On the wall in front of the entrance is set the work Sottosopra [Upside Down], 2005, consisting of a canvas and two music stands inserted one inside the other the opposite way round and placed next to the canvas. Two texts written in the artist’s own hand on a sheet of blank paper and on one of music paper respectively and then torn into pieces are scattered freely over the canvas and the wall. On the canvas, a square drawn in pencil, with diagonals running from the four corners, acts as “ideal geometry” in contrast to the disorder of the upside down scene. The subject of the two texts in the autonomy of the work of art from its presumed author. The first, written on a blank sheet, concerns the “passing of the baton” from Verrocchio to Leonardo, while the second, on a sheet of music paper, the handover from Rossini to Wagner. In both cases it was a question of the recognition, on the part of the elder artist, of the superiority of the younger one. Paolini declares: «The voice of the author is silent if there is no echo of the work that Time, on each occasion, assigns to writers, artists, musicians… To its trusted and devoted ‘workers’?»
In front of the window is placed the work on a base entitled Riservato [Reserved], 2025, made up of a golden cushion on which are placed an envelope, a reproduction of the face of an 18th-century footman, a gilded paper clip and a piece of paper on which the artist has written the word “riservato.” Here the expression reserved refers both to the assignment of a physical location and to a personal characteristic that evokes a sense of privacy and discretion. Thus the elegant cushion, relic of a glorious past, is “reserved” for a figure of the time, the footman.

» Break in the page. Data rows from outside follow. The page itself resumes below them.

(* Let $n$ be an integer, $p$ a prime dividing $2n+1$, $K$ a number field containing a root $\omega$ of $\Delta_n=S_n'S_{n-1}-S_nS_{n-1}'$, and $v$ a valuation on $K$ with $v(p)=1$. Then $v(S_{n-1}(\omega))=0$.
   Context: The Chebyshev polynomials $S_j(\omega)$ are defined for all integers $j$ by $S_0=1$, $S_1=\omega$, $S_{j+1}=\omega S_j-S_{j-1}$; primes denote derivatives with respect to $\omega$. *)

theory Defs
  imports "HOL-Computational_Algebra.Polynomial" "HOL-Library.Extended_Real"
begin

fun chebS_nat :: "nat \<Rightarrow> int poly" where
  "chebS_nat 0 = 1"
| "chebS_nat (Suc 0) = [:0, 1:]"
| "chebS_nat (Suc (Suc k)) = [:0, 1:] * chebS_nat (Suc k) - chebS_nat k"

text \<open>Extension to all integers by the same recurrence (run backwards):
  S_(-1) = 0 and S_(-j) = - S_(j-2) for j >= 2.\<close>
definition chebS :: "int \<Rightarrow> int poly" where
  "chebS j = (if 0 \<le> j then chebS_nat (nat j)
              else if j = -1 then 0 else - chebS_nat (nat (- j - 2)))"

definition Delta :: "int \<Rightarrow> int poly" where
  "Delta n = pderiv (chebS n) * chebS (n - 1) - chebS n * pderiv (chebS (n - 1))"

definition number_field :: "'a::field_char_0 itself \<Rightarrow> bool" where
  "number_field _ \<longleftrightarrow>
     (\<exists>B :: 'a set. finite B \<and> (\<forall>x. \<exists>c :: 'a \<Rightarrow> rat. x = (\<Sum>b\<in>B. of_rat (c b) * b)))"

definition valuation :: "('a::field \<Rightarrow> ereal) \<Rightarrow> bool" where
  "valuation v \<longleftrightarrow>
     (\<forall>x. v x = \<infinity> \<longleftrightarrow> x = 0) \<and>
     (\<forall>x. v x \<noteq> - \<infinity>) \<and>
     (\<forall>x y. v (x * y) = v x + v y) \<and>
     (\<forall>x y. min (v x) (v y) \<le> v (x + y))"

end

theory Submission
  imports Defs
begin

text \<open>
  Negative indices reduce to positive ones by S(-j) = -S(j-2), so let n \<ge> 1 and put
  a = S(n)(\<omega>), b = S(n-1)(\<omega>). The polynomial identities S(n)^2 + S(n-1)^2 - X S(n) S(n-1) = 1
  and (X^2 - 4) \<Delta>(n) = S(n)^2 - S(n-1)^2 - (2n + 1) give a^2 + b^2 - \<omega> a b = 1 and
  a^2 - b^2 = 2n + 1. If v(\<omega>) < 0 then v(S(j)(\<omega>)) = j v(\<omega>), so v(a^2 - b^2) < 0, which is
  impossible for an integer; hence \<omega>, a, b are integral. As p divides 2n + 1, a^2 and b^2 agree
  modulo the valuation ideal, so if one of a, b had positive valuation both would, and so would
  the left side of the first identity.
\<close>

text \<open>A constant rather than \<open>[:0, 1:]\<close>, which the simplifier would turn into \<open>pCons 0\<close> inside products.\<close>

definition polyX :: "int poly" where "polyX = [:0, 1:]"

lemma chebS_nat_Suc_0_polyX [simp]: "chebS_nat (Suc 0) = polyX"
  by (simp add: polyX_def)

lemma chebS_nat_Suc_Suc_polyX [simp]:
  "chebS_nat (Suc (Suc k)) = polyX * chebS_nat (Suc k) - chebS_nat k"
  by (simp add: polyX_def)

declare chebS_nat.simps(2,3) [simp del]

lemma pderiv_polyX [simp]: "pderiv polyX = 1"
  by (simp add: polyX_def pderiv_pCons)

lemma chebS_nat_cassini:
  "chebS_nat (Suc k)^2 + chebS_nat k^2 - polyX * chebS_nat (Suc k) * chebS_nat k = 1"
  by (induction k) (simp_all add: algebra_simps power2_eq_square)

lemma pderiv_chebS_nat:
  "(polyX^2 - 4) * pderiv (chebS_nat k)
     = 2 * of_nat (k + 1) * chebS_nat (Suc k) - of_nat (k + 2) * polyX * chebS_nat k"
proof (induction k rule: chebS_nat.induct)
  case (3 k)
  have "(polyX^2 - 4) * pderiv (chebS_nat (Suc (Suc k)))
      = (polyX^2 - 4) * chebS_nat (Suc k) + polyX * ((polyX^2 - 4) * pderiv (chebS_nat (Suc k)))
        - (polyX^2 - 4) * pderiv (chebS_nat k)"
    by (simp add: pderiv_mult pderiv_diff algebra_simps)
  then show ?case
    unfolding 3 by (simp add: algebra_simps power2_eq_square)
qed (simp_all add: algebra_simps power2_eq_square)

lemma chebS_nat_wronskian:
  "(polyX^2 - 4) * (pderiv (chebS_nat (Suc k)) * chebS_nat k - chebS_nat (Suc k) * pderiv (chebS_nat k))
     = chebS_nat (Suc k)^2 - chebS_nat k^2 - of_nat (2 * k + 3)"
proof -
  have "(polyX^2 - 4) * (pderiv (chebS_nat (Suc k)) * chebS_nat k - chebS_nat (Suc k) * pderiv (chebS_nat k))
      = ((polyX^2 - 4) * pderiv (chebS_nat (Suc k))) * chebS_nat k
        - chebS_nat (Suc k) * ((polyX^2 - 4) * pderiv (chebS_nat k))"
    by (simp add: algebra_simps)
  also have "\<dots> = of_nat (2 * k + 3) * (polyX * chebS_nat (Suc k) * chebS_nat k)
        - 2 * of_nat (k + 2) * chebS_nat k^2 - 2 * of_nat (k + 1) * chebS_nat (Suc k)^2"
    unfolding pderiv_chebS_nat by (simp add: algebra_simps power2_eq_square)
  also have "polyX * chebS_nat (Suc k) * chebS_nat k = chebS_nat (Suc k)^2 + chebS_nat k^2 - 1"
    using chebS_nat_cassini[of k] by (simp add: algebra_simps)
  finally show ?thesis
    by (simp add: algebra_simps)
qed

lemma chebS_of_nat [simp]: "chebS (int k) = chebS_nat k"
  by (simp add: chebS_def)

lemma chebS_reflect: "chebS (- j - 2) = - chebS j"
  by (simp add: chebS_def nat_diff_distrib)

lemma Delta_reflect: "Delta (- n - 1) = - Delta n"
proof -
  have "- n - 1 = - (n - 1) - 2" "- n - 1 - 1 = - n - 2"
    by simp_all
  then have "chebS (- n - 1) = - chebS (n - 1)" "chebS (- n - 1 - 1) = - chebS n"
    by (simp_all only: chebS_reflect)
  then show ?thesis
    by (simp add: Delta_def pderiv_minus algebra_simps)
qed

lemma chebS_Suc_of_nat [simp]: "chebS (int k + 1) = chebS_nat (Suc k)"
  using chebS_of_nat[of "Suc k"] by (simp add: add.commute)

lemma Delta_Suc_of_nat:
  "Delta (int k + 1) = pderiv (chebS_nat (Suc k)) * chebS_nat k - chebS_nat (Suc k) * pderiv (chebS_nat k)"
  by (simp add: Delta_def)

lemma map_poly_of_int_add [simp]:
  "map_poly (of_int :: int \<Rightarrow> 'a::comm_ring_1) (p + q) = map_poly of_int p + map_poly of_int q"
  by (simp add: poly_eq_iff coeff_map_poly)

lemma map_poly_of_int_diff [simp]:
  "map_poly (of_int :: int \<Rightarrow> 'a::comm_ring_1) (p - q) = map_poly of_int p - map_poly of_int q"
  by (simp add: poly_eq_iff coeff_map_poly)

lemma map_poly_of_int_uminus [simp]:
  "map_poly (of_int :: int \<Rightarrow> 'a::comm_ring_1) (- p) = - map_poly of_int p"
  by (simp add: poly_eq_iff coeff_map_poly)

lemma map_poly_of_int_mult [simp]:
  "map_poly (of_int :: int \<Rightarrow> 'a::comm_ring_1) (p * q) = map_poly of_int p * map_poly of_int q"
  by (simp add: poly_eq_iff coeff_map_poly coeff_mult)

lemma map_poly_of_int_of_nat [simp]:
  "map_poly (of_int :: int \<Rightarrow> 'a::comm_ring_1) (of_nat k) = of_nat k"
  by (simp add: of_nat_poly map_poly_pCons)

lemma map_poly_of_int_numeral [simp]:
  "map_poly (of_int :: int \<Rightarrow> 'a::comm_ring_1) (numeral m) = numeral m"
  using map_poly_of_int_of_nat[of "numeral m"] by simp

lemma map_poly_of_int_power [simp]:
  "map_poly (of_int :: int \<Rightarrow> 'a::comm_ring_1) (p ^ k) = map_poly of_int p ^ k"
  by (induction k) simp_all

lemma poly_map_poly_of_int_polyX [simp]: "poly (map_poly of_int polyX) x = x"
  by (simp add: polyX_def map_poly_pCons)

abbreviation chebS_at :: "nat \<Rightarrow> 'a::comm_ring_1 \<Rightarrow> 'a" where
  "chebS_at k x \<equiv> poly (map_poly of_int (chebS_nat k)) x"

lemma chebS_at_cassini:
  "chebS_at (Suc k) x^2 + chebS_at k x^2 - x * chebS_at (Suc k) x * chebS_at k x = 1"
  using arg_cong[OF chebS_nat_cassini[of k], of "\<lambda>q. poly (map_poly of_int q) x"] by simp

lemma chebS_at_squares_at_Delta_root:
  assumes "poly (map_poly of_int (Delta (int k + 1))) x = 0"
  shows "chebS_at (Suc k) x^2 - chebS_at k x^2 = of_nat (2 * k + 3)"
  using assms arg_cong[OF chebS_nat_wronskian[of k], of "\<lambda>q. poly (map_poly of_int q) x"]
  by (simp add: Delta_Suc_of_nat)

context
  fixes v :: "'a::field \<Rightarrow> ereal"
  assumes v: "valuation v"
begin

lemma valuation_mult: "v (x * y) = v x + v y"
  using v unfolding valuation_def by blast

lemma valuation_add: "min (v x) (v y) \<le> v (x + y)"
  using v unfolding valuation_def by blast

lemma valuation_eq_infinity_iff: "v x = \<infinity> \<longleftrightarrow> x = 0"
  using v unfolding valuation_def by blast

lemma valuation_neq_minus_infinity: "v x \<noteq> - \<infinity>"
  using v unfolding valuation_def by blast

lemma valuation_finite: "x \<noteq> 0 \<Longrightarrow> \<bar>v x\<bar> \<noteq> \<infinity>"
  using valuation_eq_infinity_iff[of x] valuation_neq_minus_infinity[of x] by auto

lemma valuation_one [simp]: "v 1 = 0"
proof -
  have "v 1 = v 1 + v 1"
    using valuation_mult[of 1 1] by simp
  with valuation_finite[of 1] show ?thesis
    by (cases "v 1") auto
qed

lemma valuation_uminus [simp]: "v (- x) = v x"
proof -
  have "v (- 1) + v (- 1) = 0"
    using valuation_mult[of "- 1" "- 1"] by simp
  with valuation_finite[of "- 1"] have "v (- 1) = 0"
    by (cases "v (- 1)") auto
  then show ?thesis
    using valuation_mult[of "- 1" x] by simp
qed

lemma valuation_diff: "min (v x) (v y) \<le> v (x - y)"
  using valuation_add[of x "- y"] by simp

lemma valuation_add_pos:
  assumes "0 < v x" "0 < v y"
  shows "0 < v (x + y)"
proof -
  from assms have "0 < min (v x) (v y)"
    by simp
  from this valuation_add show ?thesis
    by (rule less_le_trans)
qed

lemma valuation_diff_pos: "0 < v x \<Longrightarrow> 0 < v y \<Longrightarrow> 0 < v (x - y)"
  using valuation_add_pos[of x "- y"] by simp

lemma valuation_diff_nonneg:
  assumes "0 \<le> v x" "0 \<le> v y"
  shows "0 \<le> v (x - y)"
proof -
  from assms have "0 \<le> min (v x) (v y)"
    by simp
  from this valuation_diff show ?thesis
    by (rule order_trans)
qed

lemma valuation_add_eq_left:
  assumes "v x < v y"
  shows "v (x + y) = v x"
proof -
  have "v x \<le> v (x + y)"
    using valuation_add[of x y] assms by simp
  moreover have "min (v (x + y)) (v y) \<le> v x"
    using valuation_diff[of "x + y" y] by simp
  ultimately show ?thesis
    using assms by (auto simp: min_def split: if_splits)
qed

lemma valuation_power2: "v (x^2) = v x + v x"
  by (simp add: power2_eq_square valuation_mult)

lemma valuation_power2_pos_iff: "0 < v (x^2) \<longleftrightarrow> 0 < v x"
  by (cases "v x") (simp_all add: valuation_power2)

lemma valuation_of_nat_nonneg: "0 \<le> v (of_nat m)"
proof (induction m)
  case (Suc m)
  then show ?case
    using valuation_add[of 1 "of_nat m"] by simp
qed (use valuation_eq_infinity_iff[of 0] in simp)

lemma valuation_of_int_nonneg: "0 \<le> v (of_int z)"
  using valuation_of_nat_nonneg[of "nat \<bar>z\<bar>"] by (cases "0 \<le> z") simp_all

lemma valuation_of_int_pos_if_dvd:
  assumes "0 < v (of_int p)" "p dvd z"
  shows "0 < v (of_int z)"
proof -
  obtain q where "z = p * q"
    using assms(2) by blast
  then have "v (of_int z) = v (of_int p) + v (of_int q)"
    by (simp add: valuation_mult)
  then show ?thesis
    using assms(1) valuation_of_int_nonneg[of q] by (metis add_pos_nonneg)
qed

lemma valuation_chebS_at_nonneg:
  assumes "0 \<le> v x"
  shows "0 \<le> v (chebS_at k x)"
proof (induction k rule: chebS_nat.induct)
  case (3 k)
  then have "0 \<le> v (x * chebS_at (Suc k) x)"
    using assms by (simp add: valuation_mult)
  with 3 show ?case
    by (simp add: valuation_diff_nonneg)
qed (use assms in simp_all)

lemma valuation_chebS_at_neg:
  assumes r: "v x = ereal r" "r < 0"
  shows "v (chebS_at k x) = ereal (real k * r)"
proof (induction k rule: chebS_nat.induct)
  case (3 k)
  have lead: "v (x * chebS_at (Suc k) x) = ereal (real (k + 2) * r)"
    using "3.IH"(1) r(1) by (simp add: valuation_mult algebra_simps)
  also have "\<dots> < v (- chebS_at k x)"
    using "3.IH"(2) r(2) by simp
  finally have "v (x * chebS_at (Suc k) x + - chebS_at k x) = v (x * chebS_at (Suc k) x)"
    by (rule valuation_add_eq_left)
  then show ?case
    using lead by simp
qed (simp_all add: r(1))

lemma valuation_nonneg_at_Delta_root:
  assumes "poly (map_poly of_int (Delta (int k + 1))) x = 0"
  shows "0 \<le> v x"
proof (rule ccontr)
  assume "\<not> 0 \<le> v x"
  then obtain r where r: "v x = ereal r" "r < 0"
    using valuation_neq_minus_infinity[of x] by (cases "v x") auto
  have "v (chebS_at (Suc k) x^2) = ereal (2 * real (Suc k) * r)"
    using valuation_chebS_at_neg[OF r] by (simp add: valuation_power2)
  also have "\<dots> < v (- (chebS_at k x^2))"
    using valuation_chebS_at_neg[OF r] r(2) by (simp add: valuation_power2)
  finally have "v (chebS_at (Suc k) x^2 + - (chebS_at k x^2)) = ereal (2 * real (Suc k) * r)"
    by (subst valuation_add_eq_left) (simp_all add: valuation_power2 valuation_chebS_at_neg[OF r])
  with r(2) have "v (of_nat (2 * k + 3) :: 'a) < 0"
    using chebS_at_squares_at_Delta_root[OF assms] by (simp add: mult_pos_neg)
  then show False
    using valuation_of_nat_nonneg[of "2 * k + 3"] by simp
qed

lemma valuation_eq_0_of_cassini:
  assumes cassini: "a^2 + b^2 - w * a * b = 1"
    and nonneg: "0 \<le> v w" "0 \<le> v a" "0 \<le> v b"
    and diff: "0 < v (a^2 - b^2)"
  shows "v a = 0 \<and> v b = 0"
proof -
  have "0 < v (b^2)" if "0 < v (a^2)"
    using valuation_diff_pos[OF that diff] by simp
  moreover have "0 < v (a^2)" if "0 < v (b^2)"
    using valuation_add_pos[OF diff that] by simp
  moreover have False if "0 < v a" "0 < v b"
  proof -
    have "0 < v (a^2 + b^2)"
      using that by (simp add: valuation_add_pos valuation_power2_pos_iff)
    moreover have "0 < v (w * a * b)"
      using that nonneg by (simp add: valuation_mult add_nonneg_pos add_pos_pos)
    ultimately have "0 < v (a^2 + b^2 - w * a * b)"
      by (rule valuation_diff_pos)
    then show False
      using cassini by simp
  qed
  ultimately show ?thesis
    using nonneg by (auto simp: valuation_power2_pos_iff order.order_iff_strict)
qed

lemma valuation_chebS_at_Delta_root:
  assumes "0 < v (of_int p)" "p dvd int (2 * k + 3)"
    and root: "poly (map_poly of_int (Delta (int k + 1))) x = 0"
  shows "v (chebS_at k x) = 0 \<and> v (chebS_at (Suc k) x) = 0"
proof -
  have x: "0 \<le> v x"
    using valuation_nonneg_at_Delta_root[OF root] .
  have "0 < v (chebS_at (Suc k) x^2 - chebS_at k x^2)"
    using chebS_at_squares_at_Delta_root[OF root] valuation_of_int_pos_if_dvd[OF assms(1,2)]
    by simp
  with chebS_at_cassini x valuation_chebS_at_nonneg[OF x] show ?thesis
    using valuation_eq_0_of_cassini by blast
qed

end

theorem lemma5p6:
  fixes n :: int and p :: int and \<omega> :: "'k::field_char_0" and v :: "'k \<Rightarrow> ereal"
  assumes "prime p" and "p dvd 2 * n + 1"
    and "number_field TYPE('k)"
    and "poly (map_poly of_int (Delta n)) \<omega> = 0"
    and "valuation v" and "v (of_int p) = 1"
  shows "v (poly (map_poly of_int (chebS (n - 1))) \<omega>) = 0"
proof -
  have vp: "0 < v (of_int p)"
    using assms(6) by simp
  have "\<not> is_unit p"
    using assms(1) not_prime_unit by blast
  then have "n \<noteq> 0" "n \<noteq> -1"
    using assms(2) by auto
  then consider (pos) "1 \<le> n" | (neg) "n \<le> -2"
    by linarith
  then show ?thesis
  proof cases
    case pos
    define k where "k = nat (n - 1)"
    have n: "n = int k + 1"
      using pos by (simp add: k_def)
    have "2 * n + 1 = int (2 * k + 3)"
      by (simp add: n)
    with assms(2) have "p dvd int (2 * k + 3)"
      by simp
    moreover have "chebS (n - 1) = chebS_nat k"
      by (simp add: n)
    ultimately show ?thesis
      using valuation_chebS_at_Delta_root[OF assms(5) vp] assms(4) n by simp
  next
    case neg
    define k where "k = nat (- n - 2)"
    have n: "n = - (int k + 1) - 1"
      using neg by (simp add: k_def)
    have "2 * n + 1 = - int (2 * k + 3)"
      by (simp add: n)
    with assms(2) have dvd: "p dvd int (2 * k + 3)"
      by (simp only: dvd_minus_iff)
    have "Delta n = - Delta (int k + 1)"
      unfolding n by (rule Delta_reflect)
    with assms(4) have root: "poly (map_poly of_int (Delta (int k + 1))) \<omega> = 0"
      by simp
    have "n - 1 = - (int k + 1) - 2"
      by (simp add: n)
    then have "chebS (n - 1) = - chebS_nat (Suc k)"
      by (simp only: chebS_reflect chebS_Suc_of_nat)
    then show ?thesis
      using valuation_chebS_at_Delta_root[OF assms(5) vp dvd root]
      by (simp add: valuation_uminus[OF assms(5)])
  qed
qed

end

Perhaps a stand-in for the artist?
The work in the middle of the room, In studio (ora come allora), 2025, which gives the exhibition its title, is a homage to the studio as a workshop of creation and reflection. An easel divides the space into two equal parts, a front and a back, both the theater of the artist’s actions. A disparate range of objects are crowded together in a calculated disorder: an hourglass, magnifying lenses, a sphere, mirrors and a black stone. At the back a scale model of a Thonet chair, canvases with lines drawn in pencil and photographic reproductions. The crowd of objects is dominated by an easel holding a pair of glasses (the artist’s gaze?) and two photographs (on the front and back) of the studio itself: an echo that amplifies the tribute to the space of the studio.
The collages displayed in a gallery-style arrangement on the large wall and in the office represent Paolini’s most recent works, serving as a sort of echo and counterpoint to the pieces on display.
In the office, Copia e originale [Copy and Original], 2026, a plaster cast of a man’s hand clenched into a fist and a pearl shell are set next to one another on a reflective sheet. Their common closed shape evokes isolated universes, although multiplied by the mirror. The hand, moreover, as a plaster cast, has the character of a copy, while the shell, as an organic form, is an original element.
Giulio Paolini’s installation on Corso Monforte conducts the visitor into the circumscribed space of the studio and into the extended time of reflection on the art of the past.
As he approaches his 86th birthday, the artist continues, with the dedication and rigor he has always displayed, to come up with new visual formulations of the themes around which his conceptual reflection has turned since the 1960s.